**Task to complete**:
Return each line of the data below that contains the string "Defs".

--------------------------------

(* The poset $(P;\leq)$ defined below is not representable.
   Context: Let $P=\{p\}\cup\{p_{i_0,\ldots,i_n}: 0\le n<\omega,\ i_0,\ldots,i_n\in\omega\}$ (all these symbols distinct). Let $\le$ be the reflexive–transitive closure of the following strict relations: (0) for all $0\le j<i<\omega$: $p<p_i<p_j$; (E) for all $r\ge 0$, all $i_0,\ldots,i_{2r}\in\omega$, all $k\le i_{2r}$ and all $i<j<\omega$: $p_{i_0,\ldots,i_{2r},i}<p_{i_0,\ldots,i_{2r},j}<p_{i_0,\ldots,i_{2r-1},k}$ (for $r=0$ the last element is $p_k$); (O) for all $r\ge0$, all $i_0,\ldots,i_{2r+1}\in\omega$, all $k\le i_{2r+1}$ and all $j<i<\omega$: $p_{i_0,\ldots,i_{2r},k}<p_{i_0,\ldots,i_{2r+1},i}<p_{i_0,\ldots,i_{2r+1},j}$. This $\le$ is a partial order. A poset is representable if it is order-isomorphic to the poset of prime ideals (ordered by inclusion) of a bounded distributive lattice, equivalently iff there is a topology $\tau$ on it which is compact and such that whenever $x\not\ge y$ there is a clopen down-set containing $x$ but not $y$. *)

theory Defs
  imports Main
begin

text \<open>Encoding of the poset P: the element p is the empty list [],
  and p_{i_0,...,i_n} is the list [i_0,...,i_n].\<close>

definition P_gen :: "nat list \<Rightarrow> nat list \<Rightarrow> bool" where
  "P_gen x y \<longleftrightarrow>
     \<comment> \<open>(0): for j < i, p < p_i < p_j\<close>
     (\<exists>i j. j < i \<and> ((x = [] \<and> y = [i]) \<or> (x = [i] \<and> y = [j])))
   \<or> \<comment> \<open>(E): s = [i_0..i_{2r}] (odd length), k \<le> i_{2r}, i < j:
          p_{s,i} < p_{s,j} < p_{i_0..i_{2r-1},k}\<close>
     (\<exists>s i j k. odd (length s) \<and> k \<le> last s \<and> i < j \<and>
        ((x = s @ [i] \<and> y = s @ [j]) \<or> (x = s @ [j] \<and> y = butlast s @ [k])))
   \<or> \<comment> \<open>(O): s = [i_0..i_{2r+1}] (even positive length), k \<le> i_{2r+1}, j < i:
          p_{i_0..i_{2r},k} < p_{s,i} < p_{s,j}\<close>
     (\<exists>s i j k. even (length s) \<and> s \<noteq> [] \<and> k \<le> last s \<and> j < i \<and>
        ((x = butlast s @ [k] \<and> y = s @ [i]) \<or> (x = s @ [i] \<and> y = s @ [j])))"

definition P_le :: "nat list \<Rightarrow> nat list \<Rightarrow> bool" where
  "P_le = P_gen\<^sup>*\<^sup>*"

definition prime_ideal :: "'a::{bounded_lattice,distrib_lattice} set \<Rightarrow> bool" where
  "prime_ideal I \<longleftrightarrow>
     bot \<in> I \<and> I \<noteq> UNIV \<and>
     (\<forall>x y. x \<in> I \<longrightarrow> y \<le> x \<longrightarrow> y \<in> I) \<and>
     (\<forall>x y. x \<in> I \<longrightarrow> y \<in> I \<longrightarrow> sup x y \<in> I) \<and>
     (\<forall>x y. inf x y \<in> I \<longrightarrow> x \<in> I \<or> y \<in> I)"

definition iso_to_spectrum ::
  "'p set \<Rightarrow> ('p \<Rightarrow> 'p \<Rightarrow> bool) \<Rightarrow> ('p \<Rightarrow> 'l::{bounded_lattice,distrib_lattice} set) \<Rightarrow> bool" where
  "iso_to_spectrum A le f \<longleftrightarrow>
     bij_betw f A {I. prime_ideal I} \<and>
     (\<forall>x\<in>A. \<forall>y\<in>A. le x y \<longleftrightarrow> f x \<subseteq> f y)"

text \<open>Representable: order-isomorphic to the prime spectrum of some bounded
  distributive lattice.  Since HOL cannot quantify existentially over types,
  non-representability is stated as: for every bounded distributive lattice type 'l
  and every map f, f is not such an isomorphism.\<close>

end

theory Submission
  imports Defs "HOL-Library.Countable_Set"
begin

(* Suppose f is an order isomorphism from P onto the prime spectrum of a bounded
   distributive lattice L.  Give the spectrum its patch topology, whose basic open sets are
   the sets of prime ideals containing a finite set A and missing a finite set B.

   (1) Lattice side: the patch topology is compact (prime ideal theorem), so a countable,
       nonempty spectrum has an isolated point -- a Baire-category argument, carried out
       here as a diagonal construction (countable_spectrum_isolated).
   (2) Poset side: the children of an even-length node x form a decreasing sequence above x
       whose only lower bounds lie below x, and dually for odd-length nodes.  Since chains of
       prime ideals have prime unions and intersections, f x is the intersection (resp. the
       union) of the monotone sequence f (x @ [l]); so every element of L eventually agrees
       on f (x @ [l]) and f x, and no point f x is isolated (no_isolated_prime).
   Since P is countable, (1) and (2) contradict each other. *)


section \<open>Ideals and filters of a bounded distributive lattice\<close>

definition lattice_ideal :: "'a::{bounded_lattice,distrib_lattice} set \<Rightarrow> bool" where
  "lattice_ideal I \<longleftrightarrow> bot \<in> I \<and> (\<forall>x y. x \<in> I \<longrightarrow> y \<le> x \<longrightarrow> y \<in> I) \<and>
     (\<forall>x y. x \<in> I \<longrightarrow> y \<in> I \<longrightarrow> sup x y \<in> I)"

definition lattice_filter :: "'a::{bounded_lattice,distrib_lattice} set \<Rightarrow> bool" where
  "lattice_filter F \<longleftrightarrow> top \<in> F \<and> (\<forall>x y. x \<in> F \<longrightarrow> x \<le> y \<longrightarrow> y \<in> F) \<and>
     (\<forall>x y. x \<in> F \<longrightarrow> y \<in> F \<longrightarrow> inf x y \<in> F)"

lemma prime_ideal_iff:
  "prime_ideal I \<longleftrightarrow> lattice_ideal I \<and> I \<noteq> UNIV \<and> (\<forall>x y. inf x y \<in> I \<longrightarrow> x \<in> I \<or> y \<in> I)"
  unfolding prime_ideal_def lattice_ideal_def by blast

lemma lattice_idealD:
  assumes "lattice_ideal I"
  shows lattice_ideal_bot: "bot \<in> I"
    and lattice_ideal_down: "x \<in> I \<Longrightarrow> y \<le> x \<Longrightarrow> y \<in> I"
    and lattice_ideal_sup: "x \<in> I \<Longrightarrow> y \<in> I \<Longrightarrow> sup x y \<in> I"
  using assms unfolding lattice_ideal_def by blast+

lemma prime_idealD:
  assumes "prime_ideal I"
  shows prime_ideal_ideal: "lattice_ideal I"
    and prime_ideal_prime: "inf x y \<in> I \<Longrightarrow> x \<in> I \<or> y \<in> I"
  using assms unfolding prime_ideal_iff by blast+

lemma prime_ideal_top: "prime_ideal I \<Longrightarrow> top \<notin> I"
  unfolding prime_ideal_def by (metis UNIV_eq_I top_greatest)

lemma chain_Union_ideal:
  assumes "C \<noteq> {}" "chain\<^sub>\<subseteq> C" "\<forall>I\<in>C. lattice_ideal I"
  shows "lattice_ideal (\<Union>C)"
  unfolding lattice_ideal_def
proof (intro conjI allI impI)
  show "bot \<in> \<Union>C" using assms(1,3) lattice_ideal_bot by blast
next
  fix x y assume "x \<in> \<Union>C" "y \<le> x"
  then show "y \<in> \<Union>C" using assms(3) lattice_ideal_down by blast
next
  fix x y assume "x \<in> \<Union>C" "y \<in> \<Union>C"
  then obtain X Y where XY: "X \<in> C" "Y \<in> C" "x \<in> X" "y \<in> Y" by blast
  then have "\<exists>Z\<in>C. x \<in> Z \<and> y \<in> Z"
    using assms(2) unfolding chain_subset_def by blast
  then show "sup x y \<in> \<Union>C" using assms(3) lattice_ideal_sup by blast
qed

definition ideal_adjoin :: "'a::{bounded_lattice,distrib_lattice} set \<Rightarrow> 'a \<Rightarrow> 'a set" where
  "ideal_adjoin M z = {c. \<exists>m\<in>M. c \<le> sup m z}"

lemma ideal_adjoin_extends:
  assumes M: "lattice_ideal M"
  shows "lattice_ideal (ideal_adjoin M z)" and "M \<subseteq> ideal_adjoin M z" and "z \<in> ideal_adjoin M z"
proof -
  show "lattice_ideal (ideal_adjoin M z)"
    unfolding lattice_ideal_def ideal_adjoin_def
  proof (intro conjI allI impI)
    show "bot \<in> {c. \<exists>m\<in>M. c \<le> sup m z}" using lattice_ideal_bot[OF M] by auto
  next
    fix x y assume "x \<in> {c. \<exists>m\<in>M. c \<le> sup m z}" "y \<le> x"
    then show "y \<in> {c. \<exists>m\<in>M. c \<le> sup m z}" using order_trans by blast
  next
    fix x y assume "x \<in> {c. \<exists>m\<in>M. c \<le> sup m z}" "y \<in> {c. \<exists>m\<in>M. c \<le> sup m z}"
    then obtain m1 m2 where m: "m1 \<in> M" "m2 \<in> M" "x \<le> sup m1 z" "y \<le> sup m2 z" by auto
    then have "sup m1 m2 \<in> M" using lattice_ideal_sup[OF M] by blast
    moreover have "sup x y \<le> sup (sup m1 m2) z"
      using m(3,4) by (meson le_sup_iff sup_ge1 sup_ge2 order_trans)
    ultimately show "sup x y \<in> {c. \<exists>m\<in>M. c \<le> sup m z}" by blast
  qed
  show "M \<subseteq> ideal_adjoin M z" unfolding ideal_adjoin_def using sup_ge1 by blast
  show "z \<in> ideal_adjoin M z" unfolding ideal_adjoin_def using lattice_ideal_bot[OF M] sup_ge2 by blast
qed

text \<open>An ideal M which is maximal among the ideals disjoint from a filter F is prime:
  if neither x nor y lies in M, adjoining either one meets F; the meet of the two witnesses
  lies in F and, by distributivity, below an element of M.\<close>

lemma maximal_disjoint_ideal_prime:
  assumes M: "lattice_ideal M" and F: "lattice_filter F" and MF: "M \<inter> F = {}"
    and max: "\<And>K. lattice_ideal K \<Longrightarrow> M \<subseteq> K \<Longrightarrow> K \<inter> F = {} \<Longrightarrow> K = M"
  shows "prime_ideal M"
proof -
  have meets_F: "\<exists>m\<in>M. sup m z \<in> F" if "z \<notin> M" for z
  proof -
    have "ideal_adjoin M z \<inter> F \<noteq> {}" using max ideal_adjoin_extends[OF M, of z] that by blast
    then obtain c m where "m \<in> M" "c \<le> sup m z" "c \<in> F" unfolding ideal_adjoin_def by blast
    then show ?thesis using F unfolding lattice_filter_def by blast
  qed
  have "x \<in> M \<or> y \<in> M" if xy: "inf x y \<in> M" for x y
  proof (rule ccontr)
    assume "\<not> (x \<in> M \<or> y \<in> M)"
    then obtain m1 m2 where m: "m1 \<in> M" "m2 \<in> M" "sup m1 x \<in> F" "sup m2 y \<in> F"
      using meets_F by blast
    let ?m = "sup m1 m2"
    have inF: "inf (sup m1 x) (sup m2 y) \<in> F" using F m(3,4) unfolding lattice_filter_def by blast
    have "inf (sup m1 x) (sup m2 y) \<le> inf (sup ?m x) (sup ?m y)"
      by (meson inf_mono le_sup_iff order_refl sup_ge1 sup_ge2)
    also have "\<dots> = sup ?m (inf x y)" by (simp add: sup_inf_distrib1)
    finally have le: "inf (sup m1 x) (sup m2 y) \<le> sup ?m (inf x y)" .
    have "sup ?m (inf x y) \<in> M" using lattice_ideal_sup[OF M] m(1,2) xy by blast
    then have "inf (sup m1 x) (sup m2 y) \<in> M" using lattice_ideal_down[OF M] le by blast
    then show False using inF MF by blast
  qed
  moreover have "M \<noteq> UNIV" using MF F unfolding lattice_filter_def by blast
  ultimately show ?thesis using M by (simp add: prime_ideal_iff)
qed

--------------------------------

**Finished task**:
theory Defs
  imports Defs "HOL-Library.Countable_Set"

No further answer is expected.